WHAT THE TASK ASKS:
Your answer must be the lines of the entries below, exactly as written, from the first line through the line containing "(length b2)) G) $$".

INPUT MATERIAL:
lemma action_mat_hcat_one:
  assumes distinct: "distinct (b1 @ b2)"
    and closed: "\<forall>\<beta>\<in>set b1. x1m + \<beta> \<in> set b1 \<union> set b2"
    and G: "G \<in> carrier_mat (length b2) (length b1)"
  shows "action_mat b1 b2 (hcat (1\<^sub>m (length b2)) G) =
    coeff_mat (lower_polys b1) b1 - coeff_mat (lower_polys b1) b2 * G"
proof (rule eq_matI)
  fix j l assume "j < dim_row (coeff_mat (lower_polys b1) b1 - coeff_mat (lower_polys b1) b2 * G)"
    and "l < dim_col (coeff_mat (lower_polys b1) b1 - coeff_mat (lower_polys b1) b2 * G)"
  then have j: "j < length b1" and l: "l < length b1"
    using G by (auto simp: coeff_mat_def)
  have b2: "distinct b2" and disj: "set b1 \<inter> set b2 = {}"
    using distinct by auto
  note lower_b1 = index_coeff_mat_lower_polys[OF j l]
  note lower_b2 = index_coeff_mat_lower_polys_mult[OF b2 G j l]
  have diff: "(coeff_mat (lower_polys b1) b1 - coeff_mat (lower_polys b1) b2 * G) $$ (j, l) =
      coeff_mat (lower_polys b1) b1 $$ (j, l) - (coeff_mat (lower_polys b1) b2 * G) $$ (j, l)"
    using G j l by (simp add: coeff_mat_def)
  show "action_mat b1 b2 (hcat (1\<^sub>m (length b2)) G) $$ (j, l) =
      (coeff_mat (lower_polys b1) b1 - coeff_mat (lower_polys b1) b2 * G) $$ (j, l)"
  proof (cases "x1m + b1 ! j \<in> set b1")
    case True
    then have "x1m + b1 ! j \<notin> set b2" using disj by blast
    with True show ?thesis
      using j l diff lower_b1 lower_b2 by (simp add: action_mat_def)
  next
    case False
    have "x1m + b1 ! j \<in> set b2" using False closed j by auto
    moreover have "x1m + b1 ! j \<in> Br b1" using False j unfolding Br_def by auto
    moreover have "idx b2 (x1m + b1 ! j) < length b2"
      using \<open>x1m + b1 ! j \<in> set b2\<close> by (metis in_set_conv_nth idx_nth[OF b2])
    moreover have "b1 ! l \<noteq> x1m + b1 ! j" using False l by (metis nth_mem)
    ultimately show ?thesis
      using False j l G diff lower_b1 lower_b2 by (simp add: action_mat_def hcat_def)
  qed
qed (use G in \<open>auto simp: action_mat_def coeff_mat_def\<close>)

theorem proposition3:
  fixes n m r :: nat
    and fs :: "cpoly list"
    and rws :: "(nat \<times> monom) list"
    and b1 b2 :: "monom list"
    and A11 A12 A21 A22 X Chat :: "complex mat"
  assumes n_pos: "1 \<le> n"
    and f_len: "length fs = m"
    and f_polys: "\<forall>i<m. fs ! i \<in> polys_in n"
    and B_distinct: "distinct (b1 @ b2)"
    and B_monoms: "\<forall>\<beta>\<in>set b1 \<union> set b2. is_monom_in n \<beta>"
    and B1_def: "set b1 = {\<beta> \<in> set b1 \<union> set b2. x1m + \<beta> \<in> set b1 \<union> set b2}"
    and r_def: "length b1 = r"
    and basis: "quotient_basis n fs b1"
    and rows_ok: "\<forall>(i,t)\<in>set rws. i < m \<and> is_monom_in n t"
    and rows_distinct: "distinct rws"
    and rows_supp: "\<forall>p\<in>set (upper_polys fs rws). Poly_Mapping.keys p \<subseteq> set b1 \<union> set b2"
    and square: "dim_row (res_mat fs rws b1 b2 0) = dim_col (res_mat fs rws b1 b2 0)"
    and A11_def: "A11 = coeff_mat (upper_polys fs rws) b1"
    and A12_def: "A12 = coeff_mat (upper_polys fs rws) b2"
    and A21_def: "A21 = coeff_mat (lower_polys b1) b1"
    and A22_def: "A22 = coeff_mat (lower_polys b1) b2"
    and A12_sq: "dim_row A12 = dim_col A12"
    and A12_inv: "invertible_mat A12"
    and X_def: "X = A21 - A22 * (inv_m A12 * A11)"
    and Chat_def: "Chat = hcat A12 A11"
  shows "gauss_jordan_single Chat = hcat (1\<^sub>m (length b2)) (inv_m A12 * A11)
         \<and> action_mat b1 b2 (gauss_jordan_single Chat) = X"
proof -
  have A12: "A12 \<in> carrier_mat (length b2) (length b2)"
    using A12_sq unfolding A12_def coeff_mat_def by auto
  have A11: "A11 \<in> carrier_mat (length b2) (length b1)"
    using A12_sq unfolding A11_def A12_def coeff_mat_def by auto
  have gj: "gauss_jordan_single Chat = hcat (1\<^sub>m (length b2)) (inv_m A12 * A11)"
    unfolding Chat_def by (rule gauss_jordan_single_hcat_invertible[OF A12 A11 A12_inv])
  obtain A12' where "A12' \<in> carrier_mat (length b2) (length b2)"
    "A12 * A12' = 1\<^sub>m (length b2)" "A12' * A12 = 1\<^sub>m (length b2)"
    using invertible_matE[OF A12_inv A12] .
  with A11 have "inv_m A12 * A11 \<in> carrier_mat (length b2) (length b1)"
    using inv_m_eqI[OF A12] by simp
  moreover have "\<forall>\<beta>\<in>set b1. x1m + \<beta> \<in> set b1 \<union> set b2"
    using B1_def by blast
  ultimately have "action_mat b1 b2 (hcat (1\<^sub>m (length b2)) (inv_m A12 * A11)) = X"
    unfolding X_def A21_def A22_def by (intro action_mat_hcat_one[OF B_distinct])
  with gj show ?thesis by simp
qed

end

TASK SOLUTION:
lemma action_mat_hcat_one:
  assumes distinct: "distinct (b1 @ b2)"
    and closed: "\<forall>\<beta>\<in>set b1. x1m + \<beta> \<in> set b1 \<union> set b2"
    and G: "G \<in> carrier_mat (length b2) (length b1)"
  shows "action_mat b1 b2 (hcat (1\<^sub>m (length b2)) G) =
    coeff_mat (lower_polys b1) b1 - coeff_mat (lower_polys b1) b2 * G"
proof (rule eq_matI)
  fix j l assume "j < dim_row (coeff_mat (lower_polys b1) b1 - coeff_mat (lower_polys b1) b2 * G)"
    and "l < dim_col (coeff_mat (lower_polys b1) b1 - coeff_mat (lower_polys b1) b2 * G)"
  then have j: "j < length b1" and l: "l < length b1"
    using G by (auto simp: coeff_mat_def)
  have b2: "distinct b2" and disj: "set b1 \<inter> set b2 = {}"
    using distinct by auto
  note lower_b1 = index_coeff_mat_lower_polys[OF j l]
  note lower_b2 = index_coeff_mat_lower_polys_mult[OF b2 G j l]
  have diff: "(coeff_mat (lower_polys b1) b1 - coeff_mat (lower_polys b1) b2 * G) $$ (j, l) =
      coeff_mat (lower_polys b1) b1 $$ (j, l) - (coeff_mat (lower_polys b1) b2 * G) $$ (j, l)"
    using G j l by (simp add: coeff_mat_def)
  show "action_mat b1 b2 (hcat (1\<^sub>m (length b2)) G) $$ (j, l) =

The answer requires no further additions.